This sign of a disintegrating monarchy soon became the norm. Isolated
at Russian central military headquarters at Mogilev, Nicholas tried in vain
to reach his capital. A railwaymen's strike diverted him to the headquarters
of the northern front. There his generals persuaded him to abdicate.
The Provisional Government took power in the wake of the tsar's
departure. Drawn from members of the Duma, it was a self-appointed body
whose members were acutely aware that they held no formal popular
mandate. Nonetheless, they proclaimed freedom of the press and the right
of workers to strike and granted amnesty to all political prisoners. The
traditional police force was abolished in favor of a new, supposedly less
repressive militia. Perhaps due to its high ideals, perhaps due to hopes it
might wage the war more effectively, the postrevolutionary government
enjoyed a brief period of popularity. Initially, the dominant figure was Paul
Miliukov, the foreign minister and a western-style liberal. A rising figure
who came to direct the Provisional Government by early summer was the
more radical Alexander Kerensky. Both leaders, however, were committed
to remaining in the war and postponing radical social and political change.

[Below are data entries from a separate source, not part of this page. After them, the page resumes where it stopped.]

text \<open>If X is pseudocompact, every f in C_p(X, R^n) is bounded. A basic neighbourhood of 0 only
  controls finitely many points up to some e > 0, and on finitely many points the functions bounded
  by N form a totally bounded subset of a finite-dimensional space, so they are covered by finitely
  many translates of the neighbourhood. Answering the n-th move of ONE by such a finite set for the
  bound n wins the strict H-game, and strict H-boundedness implies the other three properties.
  Conversely, let f be continuous and unbounded, with n <= |f x_n|. Against the neighbourhoods
  {g. |g x_n| < 1} the finite answers A_n only reach values of size c_n at x_n, while for a continuous
  psi with psi >= c_n on [n, oo) the function psi o |f| escapes all of them. In C_p(X, R^omega) the
  same diagonal argument works at a single point, the coordinates taking the place of the points x_n.\<close>

lemma strategy_move:
  assumes "two_strategy T e \<sigma>" "\<And>n. nbhd_e T e (U n)"
  shows "finite (\<sigma> (map U [0..<Suc n]))" "\<sigma> (map U [0..<Suc n]) \<subseteq> topspace T"
  using assms unfolding two_strategy_def by auto

lemma strictly_H_bounded_imp_H_bounded:
  assumes "strictly_H_bounded T op e"
  shows "H_bounded T op e"
proof -
  obtain \<sigma> where \<sigma>: "two_strategy T e \<sigma>" and win: "\<And>U. \<forall>n. nbhd_e T e (U n) \<Longrightarrow>
      \<forall>x\<in>topspace T. \<forall>\<^sub>F n in sequentially. x \<in> set_op op (\<sigma> (map U [0..<Suc n])) (U n)"
    using assms unfolding strictly_H_bounded_def by blast
  show ?thesis
    unfolding H_bounded_def
  proof (intro allI impI)
    fix U :: "nat \<Rightarrow> _" assume U: "\<forall>n. nbhd_e T e (U n)"
    then have "\<forall>n. finite (\<sigma> (map U [0..<Suc n])) \<and> \<sigma> (map U [0..<Suc n]) \<subseteq> topspace T"
      using strategy_move[OF \<sigma>] by blast
    with win[OF U] show "\<exists>A. (\<forall>n. finite (A n) \<and> A n \<subseteq> topspace T) \<and>
        (\<forall>x\<in>topspace T. \<forall>\<^sub>F n in sequentially. x \<in> set_op op (A n) (U n))"
      by (intro exI[of _ "\<lambda>n. \<sigma> (map U [0..<Suc n])"] conjI)
  qed
qed

lemma strictly_M_bounded_imp_M_bounded:
  assumes "strictly_M_bounded T op e"
  shows "M_bounded T op e"
proof -
  obtain \<sigma> where \<sigma>: "two_strategy T e \<sigma>" and win: "\<And>U. \<forall>n. nbhd_e T e (U n) \<Longrightarrow>
      topspace T = (\<Union>n. set_op op (\<sigma> (map U [0..<Suc n])) (U n))"
    using assms unfolding strictly_M_bounded_def by blast
  show ?thesis
    unfolding M_bounded_def
  proof (intro allI impI)
    fix U :: "nat \<Rightarrow> _" assume U: "\<forall>n. nbhd_e T e (U n)"
    then have "\<forall>n. finite (\<sigma> (map U [0..<Suc n])) \<and> \<sigma> (map U [0..<Suc n]) \<subseteq> topspace T"
      using strategy_move[OF \<sigma>] by blast
    with win[OF U] show "\<exists>A. (\<forall>n. finite (A n) \<and> A n \<subseteq> topspace T) \<and>
        topspace T = (\<Union>n. set_op op (A n) (U n))"
      by (intro exI[of _ "\<lambda>n. \<sigma> (map U [0..<Suc n])"] conjI)
  qed
qed

lemma covered_if_eventually_covered:
  assumes closed: "\<And>a u. a \<in> topspace T \<Longrightarrow> u \<in> topspace T \<Longrightarrow> op a u \<in> topspace T"
    and "\<And>n. A n \<subseteq> topspace T" "\<And>n. nbhd_e T e (U n)"
    and "\<forall>x\<in>topspace T. \<forall>\<^sub>F n in sequentially. x \<in> set_op op (A n) (U n)"
  shows "topspace T = (\<Union>n. set_op op (A n) (U n))"
proof
  show "topspace T \<subseteq> (\<Union>n. set_op op (A n) (U n))"
  proof
    fix x assume "x \<in> topspace T"
    then have "\<forall>\<^sub>F n in sequentially. x \<in> set_op op (A n) (U n)"
      using assms(4) by blast
    then obtain n where "x \<in> set_op op (A n) (U n)"
      unfolding eventually_sequentially by blast
    then show "x \<in> (\<Union>n. set_op op (A n) (U n))" by blast
  qed
  show "(\<Union>n. set_op op (A n) (U n)) \<subseteq> topspace T"
  proof (rule UN_least)
    fix n
    have "A n \<subseteq> topspace T" "U n \<subseteq> topspace T"
      using assms(2,3)[of n] unfolding nbhd_e_def by auto
    then show "set_op op (A n) (U n) \<subseteq> topspace T"
      unfolding set_op_def using closed by blast
  qed
qed

lemma H_bounded_imp_M_bounded:
  assumes closed: "\<And>a u. a \<in> topspace T \<Longrightarrow> u \<in> topspace T \<Longrightarrow> op a u \<in> topspace T"
    and "H_bounded T op e"
  shows "M_bounded T op e"
  unfolding M_bounded_def
proof (intro allI impI)
  fix U :: "nat \<Rightarrow> _" assume U: "\<forall>n. nbhd_e T e (U n)"
  then obtain A where A: "\<forall>n. finite (A n) \<and> A n \<subseteq> topspace T"
    "\<forall>x\<in>topspace T. \<forall>\<^sub>F n in sequentially. x \<in> set_op op (A n) (U n)"
    using assms(2) unfolding H_bounded_def by blast
  moreover have "topspace T = (\<Union>n. set_op op (A n) (U n))"
    using A U by (intro covered_if_eventually_covered[OF closed]) auto
  ultimately show "\<exists>A. (\<forall>n. finite (A n) \<and> A n \<subseteq> topspace T) \<and>
      topspace T = (\<Union>n. set_op op (A n) (U n))"
    by blast
qed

Events soon outran their control.
The delay in carrying out basic reforms such as distributing land to the
peasantry undercut the government's authority. Peasants soon took over
lands without waiting for the government's approval. The decision to remain
in the war proved even more unpopular. Desertion rates, high even in 1914,
now threatened the very existence of the armed forces. Moreover, since the
start of the revolution, the Provisional Government had been forced to share
power with the Petrograd Soviet. This group of revolutionary intellectuals
claimed to represent the interests, not of the entire nation, but of the
peasants, workers, and soldiers. Its leadership grew increasingly radical,
especially by the fall of 1917.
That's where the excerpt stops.